* _Input data_
◇ ◇ ◇ ◇ ◇ ◇ ◇

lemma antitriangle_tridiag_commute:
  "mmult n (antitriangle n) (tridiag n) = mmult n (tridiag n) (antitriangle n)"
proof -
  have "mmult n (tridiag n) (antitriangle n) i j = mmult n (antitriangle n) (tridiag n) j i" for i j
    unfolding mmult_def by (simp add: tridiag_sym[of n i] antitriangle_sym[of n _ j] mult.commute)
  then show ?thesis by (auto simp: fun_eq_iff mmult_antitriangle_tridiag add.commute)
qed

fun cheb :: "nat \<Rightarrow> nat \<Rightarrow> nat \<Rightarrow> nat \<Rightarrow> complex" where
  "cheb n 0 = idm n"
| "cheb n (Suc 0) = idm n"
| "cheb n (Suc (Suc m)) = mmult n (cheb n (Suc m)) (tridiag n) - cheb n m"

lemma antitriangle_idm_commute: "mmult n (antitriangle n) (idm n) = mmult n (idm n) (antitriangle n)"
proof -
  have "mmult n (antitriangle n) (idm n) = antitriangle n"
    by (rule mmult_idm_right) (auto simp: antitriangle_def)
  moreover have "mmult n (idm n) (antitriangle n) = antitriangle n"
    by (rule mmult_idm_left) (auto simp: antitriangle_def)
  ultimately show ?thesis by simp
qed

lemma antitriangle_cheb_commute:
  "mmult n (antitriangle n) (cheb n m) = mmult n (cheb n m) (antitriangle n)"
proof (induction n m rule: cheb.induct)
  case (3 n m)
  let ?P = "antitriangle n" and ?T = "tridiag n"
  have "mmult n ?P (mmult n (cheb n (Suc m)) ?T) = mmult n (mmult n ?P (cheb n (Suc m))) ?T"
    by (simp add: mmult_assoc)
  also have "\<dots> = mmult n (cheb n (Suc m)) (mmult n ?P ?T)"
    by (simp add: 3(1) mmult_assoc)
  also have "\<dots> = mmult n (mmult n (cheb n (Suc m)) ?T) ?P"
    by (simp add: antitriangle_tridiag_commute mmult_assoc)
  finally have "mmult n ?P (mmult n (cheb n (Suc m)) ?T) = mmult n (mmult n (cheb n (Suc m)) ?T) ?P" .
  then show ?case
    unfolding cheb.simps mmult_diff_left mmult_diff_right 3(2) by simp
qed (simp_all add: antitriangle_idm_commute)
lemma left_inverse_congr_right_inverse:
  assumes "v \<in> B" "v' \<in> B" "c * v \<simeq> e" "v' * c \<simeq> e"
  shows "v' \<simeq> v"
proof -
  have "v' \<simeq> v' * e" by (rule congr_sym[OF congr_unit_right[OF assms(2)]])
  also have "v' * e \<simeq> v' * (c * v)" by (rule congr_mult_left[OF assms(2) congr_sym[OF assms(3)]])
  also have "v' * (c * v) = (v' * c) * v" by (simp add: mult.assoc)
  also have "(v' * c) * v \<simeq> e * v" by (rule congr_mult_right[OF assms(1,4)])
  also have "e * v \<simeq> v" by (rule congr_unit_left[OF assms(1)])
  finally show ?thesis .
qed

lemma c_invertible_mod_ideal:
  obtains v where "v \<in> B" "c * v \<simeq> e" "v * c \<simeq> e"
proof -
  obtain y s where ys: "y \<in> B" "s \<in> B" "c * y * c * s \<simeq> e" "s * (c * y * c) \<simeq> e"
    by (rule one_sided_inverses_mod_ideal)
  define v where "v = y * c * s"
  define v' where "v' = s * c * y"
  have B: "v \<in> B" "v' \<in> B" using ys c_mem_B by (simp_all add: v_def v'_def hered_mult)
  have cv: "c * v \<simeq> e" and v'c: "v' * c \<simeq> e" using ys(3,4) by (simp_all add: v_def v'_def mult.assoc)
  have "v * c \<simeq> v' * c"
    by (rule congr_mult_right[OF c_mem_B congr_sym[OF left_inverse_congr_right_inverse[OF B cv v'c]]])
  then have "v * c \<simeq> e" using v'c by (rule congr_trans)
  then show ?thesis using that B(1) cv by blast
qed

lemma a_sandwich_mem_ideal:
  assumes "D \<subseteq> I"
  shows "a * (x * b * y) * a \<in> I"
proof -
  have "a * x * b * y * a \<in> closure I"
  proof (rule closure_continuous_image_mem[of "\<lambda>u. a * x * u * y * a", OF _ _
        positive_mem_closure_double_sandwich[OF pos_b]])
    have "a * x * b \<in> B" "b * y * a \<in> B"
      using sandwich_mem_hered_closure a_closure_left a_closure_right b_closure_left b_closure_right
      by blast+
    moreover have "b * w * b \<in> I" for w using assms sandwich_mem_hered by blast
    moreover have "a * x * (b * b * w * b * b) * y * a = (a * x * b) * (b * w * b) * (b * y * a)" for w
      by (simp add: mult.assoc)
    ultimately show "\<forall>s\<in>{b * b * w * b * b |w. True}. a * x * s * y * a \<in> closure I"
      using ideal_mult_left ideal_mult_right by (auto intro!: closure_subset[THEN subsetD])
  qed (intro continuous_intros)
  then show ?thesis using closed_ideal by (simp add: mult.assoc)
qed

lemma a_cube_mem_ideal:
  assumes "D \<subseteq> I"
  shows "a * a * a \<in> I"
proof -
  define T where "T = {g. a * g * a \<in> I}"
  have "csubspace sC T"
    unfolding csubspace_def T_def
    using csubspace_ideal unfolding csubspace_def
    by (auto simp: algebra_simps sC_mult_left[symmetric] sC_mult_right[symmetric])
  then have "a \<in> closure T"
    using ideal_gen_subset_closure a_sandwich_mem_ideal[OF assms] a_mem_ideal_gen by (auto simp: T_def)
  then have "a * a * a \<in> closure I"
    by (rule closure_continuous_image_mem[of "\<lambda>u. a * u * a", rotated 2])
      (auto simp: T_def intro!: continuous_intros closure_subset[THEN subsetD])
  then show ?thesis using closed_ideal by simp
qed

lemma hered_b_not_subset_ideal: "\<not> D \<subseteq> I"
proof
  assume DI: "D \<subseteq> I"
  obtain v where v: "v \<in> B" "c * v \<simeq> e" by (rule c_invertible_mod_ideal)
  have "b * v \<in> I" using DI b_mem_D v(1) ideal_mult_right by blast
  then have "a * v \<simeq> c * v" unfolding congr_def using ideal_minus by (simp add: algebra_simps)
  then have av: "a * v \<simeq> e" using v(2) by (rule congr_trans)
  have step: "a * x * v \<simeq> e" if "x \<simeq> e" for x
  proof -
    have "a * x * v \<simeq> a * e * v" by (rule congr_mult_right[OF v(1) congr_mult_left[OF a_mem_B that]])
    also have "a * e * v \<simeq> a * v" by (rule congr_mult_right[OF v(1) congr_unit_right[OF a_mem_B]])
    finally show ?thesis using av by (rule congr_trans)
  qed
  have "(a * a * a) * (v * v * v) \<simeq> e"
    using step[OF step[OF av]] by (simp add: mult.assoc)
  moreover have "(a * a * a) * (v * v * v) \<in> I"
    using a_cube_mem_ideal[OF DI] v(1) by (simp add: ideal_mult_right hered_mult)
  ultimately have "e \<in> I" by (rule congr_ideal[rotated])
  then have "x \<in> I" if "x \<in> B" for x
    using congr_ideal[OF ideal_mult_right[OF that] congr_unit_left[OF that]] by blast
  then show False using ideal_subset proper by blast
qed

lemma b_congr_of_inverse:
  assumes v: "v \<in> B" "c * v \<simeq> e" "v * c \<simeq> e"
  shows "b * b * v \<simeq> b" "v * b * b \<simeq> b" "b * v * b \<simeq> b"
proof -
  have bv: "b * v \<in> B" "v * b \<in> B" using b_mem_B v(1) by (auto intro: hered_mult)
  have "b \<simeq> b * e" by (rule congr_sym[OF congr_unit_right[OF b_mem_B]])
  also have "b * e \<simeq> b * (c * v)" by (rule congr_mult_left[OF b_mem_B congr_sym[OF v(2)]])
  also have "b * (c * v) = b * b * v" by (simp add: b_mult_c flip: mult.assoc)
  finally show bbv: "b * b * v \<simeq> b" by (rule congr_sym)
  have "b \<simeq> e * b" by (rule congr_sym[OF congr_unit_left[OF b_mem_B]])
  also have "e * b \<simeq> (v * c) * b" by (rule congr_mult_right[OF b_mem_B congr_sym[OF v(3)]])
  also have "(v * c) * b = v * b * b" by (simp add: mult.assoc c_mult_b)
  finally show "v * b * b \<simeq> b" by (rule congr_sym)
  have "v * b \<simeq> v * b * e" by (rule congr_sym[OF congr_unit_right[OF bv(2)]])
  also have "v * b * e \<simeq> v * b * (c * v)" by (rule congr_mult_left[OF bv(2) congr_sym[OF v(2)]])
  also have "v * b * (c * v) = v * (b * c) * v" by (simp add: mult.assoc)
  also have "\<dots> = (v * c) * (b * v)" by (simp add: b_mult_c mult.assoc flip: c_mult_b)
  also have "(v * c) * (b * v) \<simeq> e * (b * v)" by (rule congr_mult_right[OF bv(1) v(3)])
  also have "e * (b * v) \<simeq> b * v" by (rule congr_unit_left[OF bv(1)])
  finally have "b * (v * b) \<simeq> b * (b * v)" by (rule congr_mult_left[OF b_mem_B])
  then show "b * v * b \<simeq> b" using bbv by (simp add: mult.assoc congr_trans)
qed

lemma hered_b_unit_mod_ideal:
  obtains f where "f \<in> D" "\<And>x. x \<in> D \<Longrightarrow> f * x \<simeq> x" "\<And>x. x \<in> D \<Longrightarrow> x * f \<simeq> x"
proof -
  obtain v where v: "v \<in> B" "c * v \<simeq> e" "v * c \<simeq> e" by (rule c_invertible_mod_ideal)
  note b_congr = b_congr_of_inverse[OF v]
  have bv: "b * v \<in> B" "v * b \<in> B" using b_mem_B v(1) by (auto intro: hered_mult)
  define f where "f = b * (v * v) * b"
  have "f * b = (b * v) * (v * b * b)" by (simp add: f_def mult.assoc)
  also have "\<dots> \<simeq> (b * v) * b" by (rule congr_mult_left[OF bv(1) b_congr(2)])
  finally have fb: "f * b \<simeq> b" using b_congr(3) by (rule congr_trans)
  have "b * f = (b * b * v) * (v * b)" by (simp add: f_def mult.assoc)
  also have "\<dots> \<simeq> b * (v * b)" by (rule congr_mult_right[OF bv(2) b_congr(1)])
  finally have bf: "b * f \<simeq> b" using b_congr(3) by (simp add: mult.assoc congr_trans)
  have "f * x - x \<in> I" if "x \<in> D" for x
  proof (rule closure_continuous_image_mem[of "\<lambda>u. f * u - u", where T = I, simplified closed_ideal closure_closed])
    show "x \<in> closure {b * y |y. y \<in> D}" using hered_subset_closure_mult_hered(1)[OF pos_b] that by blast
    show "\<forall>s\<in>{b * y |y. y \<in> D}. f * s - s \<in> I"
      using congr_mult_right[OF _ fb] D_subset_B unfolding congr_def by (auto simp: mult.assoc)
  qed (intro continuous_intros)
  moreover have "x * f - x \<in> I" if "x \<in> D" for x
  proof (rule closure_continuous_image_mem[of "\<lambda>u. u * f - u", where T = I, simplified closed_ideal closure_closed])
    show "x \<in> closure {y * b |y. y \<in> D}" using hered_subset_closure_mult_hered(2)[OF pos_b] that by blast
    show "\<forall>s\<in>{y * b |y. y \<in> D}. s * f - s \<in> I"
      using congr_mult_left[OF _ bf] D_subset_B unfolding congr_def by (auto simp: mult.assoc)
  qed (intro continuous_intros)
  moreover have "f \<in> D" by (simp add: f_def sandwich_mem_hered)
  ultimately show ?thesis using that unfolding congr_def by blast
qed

◇ ◇ ◇ ◇ ◇ ◇ ◇

* _Directions for this task_
Within the entries above, find every line where the string "auto" occurs, and copy it.

* _Task response_
  then show ?thesis by (auto simp: fun_eq_iff mmult_antitriangle_tridiag add.commute)
    by (rule mmult_idm_right) (auto simp: antitriangle_def)
    by (rule mmult_idm_left) (auto simp: antitriangle_def)
      using ideal_mult_left ideal_mult_right by (auto intro!: closure_subset[THEN subsetD])
    by (auto simp: algebra_simps sC_mult_left[symmetric] sC_mult_right[symmetric])
    using ideal_gen_subset_closure a_sandwich_mem_ideal[OF assms] a_mem_ideal_gen by (auto simp: T_def)
      (auto simp: T_def intro!: continuous_intros closure_subset[THEN subsetD])
  have bv: "b * v \<in> B" "v * b \<in> B" using b_mem_B v(1) by (auto intro: hered_mult)
  have bv: "b * v \<in> B" "v * b \<in> B" using b_mem_B v(1) by (auto intro: hered_mult)
      using congr_mult_right[OF _ fb] D_subset_B unfolding congr_def by (auto simp: mult.assoc)
      using congr_mult_left[OF _ bf] D_subset_B unfolding congr_def by (auto simp: mult.assoc)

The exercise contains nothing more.